» **Exercise**: All records are to be retyped faithfully and completely.

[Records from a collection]
definition Y0 :: "nat \<Rightarrow> nat set \<Rightarrow> int list \<Rightarrow> int" where
  "Y0 n J = (\<lambda>w. Ysum n (insert 0 J) w + Ysum n J w)"

text \<open>phi: linear extension of w \<mapsto> |w_1| ... |w_n| from the group algebra of B_n
  to that of S_n (coefficient of u is the sum of coefficients of its preimages)\<close>
definition phi :: "nat \<Rightarrow> (int list \<Rightarrow> int) \<Rightarrow> nat list \<Rightarrow> int" where
  "phi n f = (\<lambda>u. \<Sum>w \<in> {w \<in> signed_perms n. map (\<lambda>x. nat \<bar>x\<bar>) w = u}. f w)"

text \<open>interior peak set, positions 1-indexed: u_i = u ! (i-1)\<close>
definition Peak0 :: "nat list \<Rightarrow> nat set" where
  "Peak0 u = {i. 2 \<le> i \<and> i + 1 \<le> length u \<and>
      u ! (i - 2) < u ! (i - 1) \<and> u ! (i - 1) > u ! i}"

definition F0 :: "nat \<Rightarrow> nat set set" where
  "F0 n = {F. F \<subseteq> {2..n - 1} \<and> (\<forall>i\<in>F. i + 1 \<notin> F)}"

definition P0 :: "nat \<Rightarrow> nat set \<Rightarrow> nat list \<Rightarrow> int" where
  "P0 n F = (\<lambda>u. if u \<in> perms n \<and> Peak0 u = F then 1 else 0)"

end

theory Submission
  imports Defs
begin

(* Fix u in S_n; the fibre of phi over u consists of the 2^n ways of signing its entries.
   For 1 <= i < n, whether i is a descent of a signed word w over u depends only on the sign
   of the entry of larger absolute value among w_i, w_(i+1): negative if it is w_(i+1),
   positive if it is w_i.  Descents at 0 are unrestricted in both X^0_J and Y^0_J, so both
   count signings in which the descent status is prescribed on a set S of positions
   (S = [n-1] - J, "no descent", for X^0_J; S = [n-1], "descent iff in J", for Y^0_J).
   Prescribing the descents on S prescribes the signs at the entries selected by S; two
   positions of S select the same entry exactly when they flank an interior peak of u, where
   the two requirements either agree or contradict each other.  Hence the count is 0 or
   2^(n - #selected entries), which gives the two formulas. *)

lemma card_subsets_with_prescribed_members:
  assumes "finite A" and "t ` S \<subseteq> A"
  shows "card {N. N \<subseteq> A \<and> (\<forall>i\<in>S. t i \<in> N \<longleftrightarrow> P i)} =
    (if \<forall>i\<in>S. \<forall>j\<in>S. t i = t j \<longrightarrow> P i = P j then 2 ^ card (A - t ` S) else 0)"
proof (cases "\<forall>i\<in>S. \<forall>j\<in>S. t i = t j \<longrightarrow> P i = P j")
  case True
  define R where "R = t ` {i \<in> S. P i}"
  have R: "t i \<in> R \<longleftrightarrow> P i" if "i \<in> S" for i
    using True that unfolding R_def by blast
  have "bij_betw (\<lambda>M. M \<union> R) (Pow (A - t ` S)) {N. N \<subseteq> A \<and> (\<forall>i\<in>S. t i \<in> N \<longleftrightarrow> P i)}"
  proof (rule bij_betw_byWitness[where f' = "\<lambda>N. N - t ` S"])
    show "\<forall>M \<in> Pow (A - t ` S). M \<union> R - t ` S = M"
      unfolding R_def by blast
    show "\<forall>N \<in> {N. N \<subseteq> A \<and> (\<forall>i\<in>S. t i \<in> N \<longleftrightarrow> P i)}. N - t ` S \<union> R = N"
      using R unfolding R_def by blast
    show "(\<lambda>M. M \<union> R) ` Pow (A - t ` S) \<subseteq> {N. N \<subseteq> A \<and> (\<forall>i\<in>S. t i \<in> N \<longleftrightarrow> P i)}"
      using R assms(2) unfolding R_def by blast
    show "(\<lambda>N. N - t ` S) ` {N. N \<subseteq> A \<and> (\<forall>i\<in>S. t i \<in> N \<longleftrightarrow> P i)} \<subseteq> Pow (A - t ` S)"
      by blast
  qed
  then have "card {N. N \<subseteq> A \<and> (\<forall>i\<in>S. t i \<in> N \<longleftrightarrow> P i)} = card (Pow (A - t ` S))"
    by (rule bij_betw_same_card[symmetric])
  with True assms(1) show ?thesis
    by (simp only: if_P card_Pow finite_Diff)
next
  case False
  then obtain i j where ij: "i \<in> S" "j \<in> S" "t i = t j" "P i \<noteq> P j" by blast
  have "\<not> (\<forall>k\<in>S. t k \<in> N \<longleftrightarrow> P k)" for N
  proof
    assume "\<forall>k\<in>S. t k \<in> N \<longleftrightarrow> P k"
    then have "t i \<in> N \<longleftrightarrow> P i" "t j \<in> N \<longleftrightarrow> P j" using ij(1,2) by blast+
    with ij(3,4) show False by simp
  qed
  then have "{N. N \<subseteq> A \<and> (\<forall>i\<in>S. t i \<in> N \<longleftrightarrow> P i)} = {}" by blast
  then show ?thesis unfolding if_not_P[OF False] by (simp only: card.empty)
qed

» **Result of this task**:
definition Y0 :: "nat \<Rightarrow> nat set \<Rightarrow> int list \<Rightarrow> int" where
  "Y0 n J = (\<lambda>w. Ysum n (insert 0 J) w + Ysum n J w)"

text \<open>phi: linear extension of w \<mapsto> |w_1| ... |w_n| from the group algebra of B_n
  to that of S_n (coefficient of u is the sum of coefficients of its preimages)\<close>
definition phi :: "nat \<Rightarrow> (int list \<Rightarrow> int) \<Rightarrow> nat list \<Rightarrow> int" where
  "phi n f = (\<lambda>u. \<Sum>w \<in> {w \<in> signed_perms n. map (\<lambda>x. nat \<bar>x\<bar>) w = u}. f w)"

text \<open>interior peak set, positions 1-indexed: u_i = u ! (i-1)\<close>
definition Peak0 :: "nat list \<Rightarrow> nat set" where
  "Peak0 u = {i. 2 \<le> i \<and> i + 1 \<le> length u \<and>
      u ! (i - 2) < u ! (i - 1) \<and> u ! (i - 1) > u ! i}"

definition F0 :: "nat \<Rightarrow> nat set set" where
  "F0 n = {F. F \<subseteq> {2..n - 1} \<and> (\<forall>i\<in>F. i + 1 \<notin> F)}"

definition P0 :: "nat \<Rightarrow> nat set \<Rightarrow> nat list \<Rightarrow> int" where
  "P0 n F = (\<lambda>u. if u \<in> perms n \<and> Peak0 u = F then 1 else 0)"

end

theory Submission
  imports Defs
begin

(* Fix u in S_n; the fibre of phi over u consists of the 2^n ways of signing its entries.
   For 1 <= i < n, whether i is a descent of a signed word w over u depends only on the sign
   of the entry of larger absolute value among w_i, w_(i+1): negative if it is w_(i+1),
   positive if it is w_i.  Descents at 0 are unrestricted in both X^0_J and Y^0_J, so both
   count signings in which the descent status is prescribed on a set S of positions
   (S = [n-1] - J, "no descent", for X^0_J; S = [n-1], "descent iff in J", for Y^0_J).
   Prescribing the descents on S prescribes the signs at the entries selected by S; two
   positions of S select the same entry exactly when they flank an interior peak of u, where
   the two requirements either agree or contradict each other.  Hence the count is 0 or
   2^(n - #selected entries), which gives the two formulas. *)

lemma card_subsets_with_prescribed_members:
  assumes "finite A" and "t ` S \<subseteq> A"
  shows "card {N. N \<subseteq> A \<and> (\<forall>i\<in>S. t i \<in> N \<longleftrightarrow> P i)} =
    (if \<forall>i\<in>S. \<forall>j\<in>S. t i = t j \<longrightarrow> P i = P j then 2 ^ card (A - t ` S) else 0)"
proof (cases "\<forall>i\<in>S. \<forall>j\<in>S. t i = t j \<longrightarrow> P i = P j")
  case True
  define R where "R = t ` {i \<in> S. P i}"
  have R: "t i \<in> R \<longleftrightarrow> P i" if "i \<in> S" for i
    using True that unfolding R_def by blast
  have "bij_betw (\<lambda>M. M \<union> R) (Pow (A - t ` S)) {N. N \<subseteq> A \<and> (\<forall>i\<in>S. t i \<in> N \<longleftrightarrow> P i)}"
  proof (rule bij_betw_byWitness[where f' = "\<lambda>N. N - t ` S"])
    show "\<forall>M \<in> Pow (A - t ` S). M \<union> R - t ` S = M"
      unfolding R_def by blast
    show "\<forall>N \<in> {N. N \<subseteq> A \<and> (\<forall>i\<in>S. t i \<in> N \<longleftrightarrow> P i)}. N - t ` S \<union> R = N"
      using R unfolding R_def by blast
    show "(\<lambda>M. M \<union> R) ` Pow (A - t ` S) \<subseteq> {N. N \<subseteq> A \<and> (\<forall>i\<in>S. t i \<in> N \<longleftrightarrow> P i)}"
      using R assms(2) unfolding R_def by blast
    show "(\<lambda>N. N - t ` S) ` {N. N \<subseteq> A \<and> (\<forall>i\<in>S. t i \<in> N \<longleftrightarrow> P i)} \<subseteq> Pow (A - t ` S)"
      by blast
  qed
  then have "card {N. N \<subseteq> A \<and> (\<forall>i\<in>S. t i \<in> N \<longleftrightarrow> P i)} = card (Pow (A - t ` S))"
    by (rule bij_betw_same_card[symmetric])
  with True assms(1) show ?thesis
    by (simp only: if_P card_Pow finite_Diff)
next
  case False
  then obtain i j where ij: "i \<in> S" "j \<in> S" "t i = t j" "P i \<noteq> P j" by blast
  have "\<not> (\<forall>k\<in>S. t k \<in> N \<longleftrightarrow> P k)" for N
  proof
    assume "\<forall>k\<in>S. t k \<in> N \<longleftrightarrow> P k"
    then have "t i \<in> N \<longleftrightarrow> P i" "t j \<in> N \<longleftrightarrow> P j" using ij(1,2) by blast+
    with ij(3,4) show False by simp
  qed
  then have "{N. N \<subseteq> A \<and> (\<forall>i\<in>S. t i \<in> N \<longleftrightarrow> P i)} = {}" by blast
  then show ?thesis unfolding if_not_P[OF False] by (simp only: card.empty)
qed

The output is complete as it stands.